(Saved entries)

lemma fdual_characterization:
  "inH (fdual G :: forest \<Rightarrow> 'k::field) \<and> (\<forall>H. pairing (fdual G :: forest \<Rightarrow> 'k) H = (if G = H then 1 else 0))"
proof -
  let ?P = "\<lambda>x :: forest \<Rightarrow> 'k. inH x \<and> (\<forall>H. pairing x H = (if G = H then 1 else 0))"
  obtain y :: "forest \<Rightarrow> 'k" where "inH y" "\<forall>H. pairing y H = (if H = G then 1 else 0)"
    using exists_dual_twist[of "twist G"] by auto
  then have "?P y" by (simp add: eq_commute)
  moreover have "x1 = x2" if "?P x1" "?P x2" for x1 x2
    by (rule pairing_injective) (use that in auto)
  ultimately have "\<exists>!x. ?P x" by blast
  then have "?P (THE x. ?P x)" by (rule theI')
  then show ?thesis unfolding fdual_def .
qed

lemma inH_fdual: "inH (fdual G :: forest \<Rightarrow> 'k::field)"
  using fdual_characterization by blast

lemma pairing_fdual: "pairing (fdual G :: forest \<Rightarrow> 'k::field) H = (if G = H then 1 else 0)"
  using fdual_characterization by blast
section \<open>Primitive elements\<close>

definition tensor_pairing :: "(forest \<times> forest \<Rightarrow> 'k::field) \<Rightarrow> forest \<Rightarrow> forest \<Rightarrow> 'k" where
  "tensor_pairing z A B = (\<Sum>p\<in>supp z. z p * (pair A (fst p) * pair B (snd p)))"

lemma tensor_pairing_eq_sum:
  assumes "finite C" "supp z \<subseteq> C"
  shows "tensor_pairing z A B = (\<Sum>p\<in>C. z p * (pair A (fst p) * pair B (snd p)))"
  unfolding tensor_pairing_def
  by (rule sum.mono_neutral_left) (use assms in \<open>auto simp: supp_def\<close>)

lemma tensor_pairing_diff:
  assumes "finite (supp z1)" "finite (supp z2)"
  shows "tensor_pairing (\<lambda>p. z1 p - z2 p) A B = tensor_pairing z1 A B - tensor_pairing z2 A B"
proof -
  let ?C = "supp z1 \<union> supp z2"
  have "finite ?C" using assms by simp
  moreover have "supp (\<lambda>p. z1 p - z2 p) \<subseteq> ?C" "supp z1 \<subseteq> ?C" "supp z2 \<subseteq> ?C"
    unfolding supp_def by auto
  ultimately show ?thesis
    by (simp add: tensor_pairing_eq_sum[of ?C] left_diff_distrib sum_subtractf)
qed
lemma trilinear_sum_le_on_subset_Times:
  assumes "finite A" "finite B" "T \<subseteq> A \<times> B" and fibre: "\<And>l. real (card {p\<in>T. g p = l}) \<le> M"
  shows "(\<Sum>p\<in>T. \<bar>a (fst p)\<bar> * \<bar>e (snd p)\<bar> * \<bar>b (g p)\<bar>)
    \<le> L2_set a A * L2_set e B * (sqrt M * L2_set b (g ` T))"
proof -
  have "finite T"
    using assms(1-3) by (meson finite_SigmaI finite_subset)
  have "L2_set (\<lambda>p. a (fst p) * e (snd p)) T \<le> L2_set (\<lambda>p. a (fst p) * e (snd p)) (A \<times> B)"
    by (rule L2_set_mono_set) (use assms(1-3) in auto)
  also have "\<dots> = L2_set a A * L2_set e B"
    by (rule L2_set_Times)
  finally have "L2_set (\<lambda>p. a (fst p) * e (snd p)) T \<le> L2_set a A * L2_set e B" .
  moreover have "L2_set (\<lambda>p. b (g p)) T \<le> sqrt M * L2_set b (g ` T)"
    by (rule L2_set_comp_le[OF \<open>finite T\<close> fibre])
  ultimately have "(\<Sum>p\<in>T. \<bar>a (fst p) * e (snd p)\<bar> * \<bar>b (g p)\<bar>)
      \<le> L2_set a A * L2_set e B * (sqrt M * L2_set b (g ` T))"
    by (intro order_trans[OF L2_set_mult_ineq] mult_mono) auto
  then show ?thesis
    by (simp add: abs_mult)
qed

lemma trilinear_sum_le_by_centres:
  fixes a :: "'y \<Rightarrow> real" and e :: "'f \<Rightarrow> real" and b :: "'k \<Rightarrow> real"
    and c :: "'y \<Rightarrow> 'f \<Rightarrow> 'c" and k :: "'y \<Rightarrow> 'f \<Rightarrow> 'k"
  assumes "finite Y" "finite F" "0 \<le> P"
    and row: "\<And>y. y \<in> Y \<Longrightarrow> real (card (c y ` F)) \<le> P"
    and column: "\<And>x. x \<in> F \<Longrightarrow> real (card ((\<lambda>y. c y x) ` Y)) \<le> P"
    and fibre: "\<And>z l. real (card {p\<in>Y \<times> F. c (fst p) (snd p) = z \<and> k (fst p) (snd p) = l}) \<le> M"
  shows "(\<Sum>p\<in>Y \<times> F. \<bar>a (fst p)\<bar> * \<bar>e (snd p)\<bar> * \<bar>b (k (fst p) (snd p))\<bar>)
    \<le> sqrt M * P * L2_set a Y * L2_set e F * L2_set b ((\<lambda>p. k (fst p) (snd p)) ` (Y \<times> F))"
proof -
  define cp where "cp p = c (fst p) (snd p)" for p
  define kp where "kp p = k (fst p) (snd p)" for p
  define Z where "Z = Y \<times> F"
  define T where "T z = {p\<in>Z. cp p = z}" for z
  define Yz where "Yz z = {y\<in>Y. z \<in> c y ` F}" for z
  define Fz where "Fz z = {x\<in>F. z \<in> (\<lambda>y. c y x) ` Y}" for z
  define Lb where "Lb = L2_set b (kp ` Z)"
  have "finite Z" unfolding Z_def using assms(1,2) by simp
  have M0: "0 \<le> M" using fibre[of undefined undefined] by linarith
  have on_fibre: "(\<Sum>p\<in>T z. \<bar>a (fst p)\<bar> * \<bar>e (snd p)\<bar> * \<bar>b (kp p)\<bar>)
      \<le> L2_set a (Yz z) * L2_set e (Fz z) * (sqrt M * Lb)" for z
  proof -
    have "(\<Sum>p\<in>T z. \<bar>a (fst p)\<bar> * \<bar>e (snd p)\<bar> * \<bar>b (kp p)\<bar>)
        \<le> L2_set a (Yz z) * L2_set e (Fz z) * (sqrt M * L2_set b (kp ` T z))"
      by (rule trilinear_sum_le_on_subset_Times)
        (use assms(1,2) fibre in \<open>auto simp: Yz_def Fz_def T_def Z_def cp_def kp_def\<close>)
    also have "\<dots> \<le> L2_set a (Yz z) * L2_set e (Fz z) * (sqrt M * Lb)"
      unfolding Lb_def
      by (intro mult_left_mono L2_set_mono_set) (use \<open>finite Z\<close> M0 in \<open>auto simp: T_def\<close>)
    finally show ?thesis .
  qed
  have row_double: "L2_set (\<lambda>z. L2_set a (Yz z)) (cp ` Z) \<le> sqrt P * L2_set a Y"
    unfolding Yz_def
  proof (rule L2_set_double_counting)
    show "real (card {z\<in>cp ` Z. z \<in> c y ` F}) \<le> P" if "y \<in> Y" for y
      using row[OF that] card_mono[of "c y ` F" "{z\<in>cp ` Z. z \<in> c y ` F}"] assms(2) by force
  qed (use \<open>finite Z\<close> assms(1) in auto)
  have column_double: "L2_set (\<lambda>z. L2_set e (Fz z)) (cp ` Z) \<le> sqrt P * L2_set e F"
    unfolding Fz_def
  proof (rule L2_set_double_counting)
    show "real (card {z\<in>cp ` Z. z \<in> (\<lambda>y. c y x) ` Y}) \<le> P" if "x \<in> F" for x
      using column[OF that] card_mono[of "(\<lambda>y. c y x) ` Y" "{z\<in>cp ` Z. z \<in> (\<lambda>y. c y x) ` Y}"] assms(1)
      by force
  qed (use \<open>finite Z\<close> assms(2) in auto)
  have "(\<Sum>p\<in>Z. \<bar>a (fst p)\<bar> * \<bar>e (snd p)\<bar> * \<bar>b (kp p)\<bar>)
      = (\<Sum>z\<in>cp ` Z. \<Sum>p\<in>T z. \<bar>a (fst p)\<bar> * \<bar>e (snd p)\<bar> * \<bar>b (kp p)\<bar>)"
    unfolding T_def by (rule sum.group[symmetric]) (use \<open>finite Z\<close> in auto)
  also have "\<dots> \<le> (\<Sum>z\<in>cp ` Z. \<bar>L2_set a (Yz z)\<bar> * \<bar>L2_set e (Fz z)\<bar>) * (sqrt M * Lb)"
    unfolding sum_distrib_right by (rule sum_mono) (use on_fibre in simp)
  also have "\<dots> \<le> (sqrt P * L2_set a Y) * (sqrt P * L2_set e F) * (sqrt M * Lb)"
    using M0 \<open>0 \<le> P\<close> row_double column_double
    by (intro mult_right_mono order_trans[OF L2_set_mult_ineq] mult_mono) (auto simp: Lb_def)
  also have "\<dots> = sqrt M * P * L2_set a Y * L2_set e F * Lb"
    using \<open>0 \<le> P\<close> by (simp add: mult_ac real_sqrt_mult_self flip: real_sqrt_mult)
  finally show ?thesis unfolding Z_def Lb_def kp_def .
qed
(* Fix integers $d\geq 2$ and $n\geq d+2$. Let $X=\{x_i\}_{i\in[n]}$ be a configuration in the unit sphere $S^{d-1}\subseteq\mathbb{R}^d$, and suppose there exists a partition $[n]=A\sqcup B$ with $A,B$ nonempty such that $K:=\operatorname{conv}\{x_i\}_{i\in A}\cap\operatorname{conv}\{x_i\}_{i\in B}$ is nonempty and $0\notin K$. Then $\delta(X)<1$.
   Context: $[n]=\{1,\ldots,n\}$. For a configuration $X=\{x_i\}_{i\in[n]}$ in $S^{d-1}$, $\delta(X):=\min_{j\in[n]}\operatorname{dist}(x_j,\operatorname{conv}\{x_i\}_{i\in[n]\setminus\{j\}})$, with Euclidean distance. *)

theory Defs
  imports "HOL-Analysis.Analysis"
begin

definition delta :: "nat \<Rightarrow> (nat \<Rightarrow> 'a::euclidean_space) \<Rightarrow> real" where
  "delta n x = Min ((\<lambda>j. infdist (x j) (convex hull (x ` ({1..n} - {j})))) ` {1..n})"

end

theory Submission
  imports Defs
begin

(* Pick p in K. As p lies in the hull of the A-points, some x_j with j in A satisfies
   <x_j, p> >= |p|^2, so |x_j - p|^2 = 1 - 2 <x_j, p> + |p|^2 <= 1 - |p|^2 < 1 since p \<noteq> 0.
   As p also lies in the hull of the B-points, it is a point of the hull of the x_i with
   i \<noteq> j, at distance less than 1 from x_j. *)

lemma convex_hull_ex_inner_ge:
  fixes p v :: "'a::real_inner"
  assumes "p \<in> convex hull S"
  shows "\<exists>y\<in>S. inner p v \<le> inner y v"
proof (rule ccontr)
  assume "\<not> ?thesis"
  then have "S \<subseteq> {y. inner v y < inner p v}"
    by (auto simp: not_le inner_commute)
  then have "convex hull S \<subseteq> {y. inner v y < inner p v}"
    by (rule hull_minimal) (rule convex_halfspace_lt)
  then show False
    using assms by (auto simp: inner_commute)
qed

lemma dist_unit_lt_1_if_inner_ge:
  fixes y p :: "'a::real_inner"
  assumes "norm y = 1" and "p \<noteq> 0" and "inner p p \<le> inner y p"
  shows "dist y p < 1"
proof -
  have "0 < inner p p" and "inner y y = 1"
    using assms(1,2) by (simp_all add: norm_eq_1)
  have "(dist y p)\<^sup>2 = inner y y - 2 * inner y p + inner p p"
    by (simp add: dist_norm power2_norm_eq_inner inner_diff_left inner_diff_right inner_commute)
  also have "\<dots> < 1"
    using assms(3) \<open>0 < inner p p\<close> \<open>inner y y = 1\<close> by linarith
  finally show ?thesis
    by (simp add: power2_less_imp_less)
qed

lemma delta_le_infdist:
  assumes "j \<in> {1..n}"
  shows "delta n x \<le> infdist (x j) (convex hull (x ` ({1..n} - {j})))"
  unfolding delta_def using assms by (intro Min_le) auto

theorem lemma3:
  fixes x :: "nat \<Rightarrow> 'a::euclidean_space" and n :: nat and A B :: "nat set"
  assumes "DIM('a) \<ge> 2"
    and "n \<ge> DIM('a) + 2"
    and "\<forall>i\<in>{1..n}. norm (x i) = 1"
    and "A \<union> B = {1..n}" and "A \<inter> B = {}" and "A \<noteq> {}" and "B \<noteq> {}"
    and "convex hull (x ` A) \<inter> convex hull (x ` B) \<noteq> {}"
    and "0 \<notin> convex hull (x ` A) \<inter> convex hull (x ` B)"
  shows "delta n x < 1"
proof -
  obtain p where pA: "p \<in> convex hull (x ` A)" and pB: "p \<in> convex hull (x ` B)"
    using assms(8) by blast
  then have "p \<noteq> 0"
    using assms(9) by blast
  obtain j where "j \<in> A" and "inner p p \<le> inner (x j) p"
    using convex_hull_ex_inner_ge [OF pA] by blast
  then have j: "j \<in> {1..n}"
    using assms(4) by blast
  have "dist (x j) p < 1"
    using j assms(3) \<open>p \<noteq> 0\<close> \<open>inner p p \<le> inner (x j) p\<close>
    by (intro dist_unit_lt_1_if_inner_ge) auto
  have "x ` B \<subseteq> x ` ({1..n} - {j})"
    using \<open>j \<in> A\<close> assms(4,5) by blast
  then have "p \<in> convex hull (x ` ({1..n} - {j}))"
    using pB hull_mono by blast
  then have "infdist (x j) (convex hull (x ` ({1..n} - {j}))) \<le> dist (x j) p"
    by (rule infdist_le)
  then show ?thesis
    using delta_le_infdist [OF j, where x = x] \<open>dist (x j) p < 1\<close> by linarith
qed

end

• Prompt:
Would you retype the lines above from the one with "qed (use \<open>finite Z\<close> assms(2)" down to the one with "(* Fix integers", word for word, both ends included and no other lines?

• Exercise solution:
  qed (use \<open>finite Z\<close> assms(2) in auto)
  have "(\<Sum>p\<in>Z. \<bar>a (fst p)\<bar> * \<bar>e (snd p)\<bar> * \<bar>b (kp p)\<bar>)
      = (\<Sum>z\<in>cp ` Z. \<Sum>p\<in>T z. \<bar>a (fst p)\<bar> * \<bar>e (snd p)\<bar> * \<bar>b (kp p)\<bar>)"
    unfolding T_def by (rule sum.group[symmetric]) (use \<open>finite Z\<close> in auto)
  also have "\<dots> \<le> (\<Sum>z\<in>cp ` Z. \<bar>L2_set a (Yz z)\<bar> * \<bar>L2_set e (Fz z)\<bar>) * (sqrt M * Lb)"
    unfolding sum_distrib_right by (rule sum_mono) (use on_fibre in simp)
  also have "\<dots> \<le> (sqrt P * L2_set a Y) * (sqrt P * L2_set e F) * (sqrt M * Lb)"
    using M0 \<open>0 \<le> P\<close> row_double column_double
    by (intro mult_right_mono order_trans[OF L2_set_mult_ineq] mult_mono) (auto simp: Lb_def)
  also have "\<dots> = sqrt M * P * L2_set a Y * L2_set e F * Lb"
    using \<open>0 \<le> P\<close> by (simp add: mult_ac real_sqrt_mult_self flip: real_sqrt_mult)
  finally show ?thesis unfolding Z_def Lb_def kp_def .
qed
(* Fix integers $d\geq 2$ and $n\geq d+2$. Let $X=\{x_i\}_{i\in[n]}$ be a configuration in the unit sphere $S^{d-1}\subseteq\mathbb{R}^d$, and suppose there exists a partition $[n]=A\sqcup B$ with $A,B$ nonempty such that $K:=\operatorname{conv}\{x_i\}_{i\in A}\cap\operatorname{conv}\{x_i\}_{i\in B}$ is nonempty and $0\notin K$. Then $\delta(X)<1$.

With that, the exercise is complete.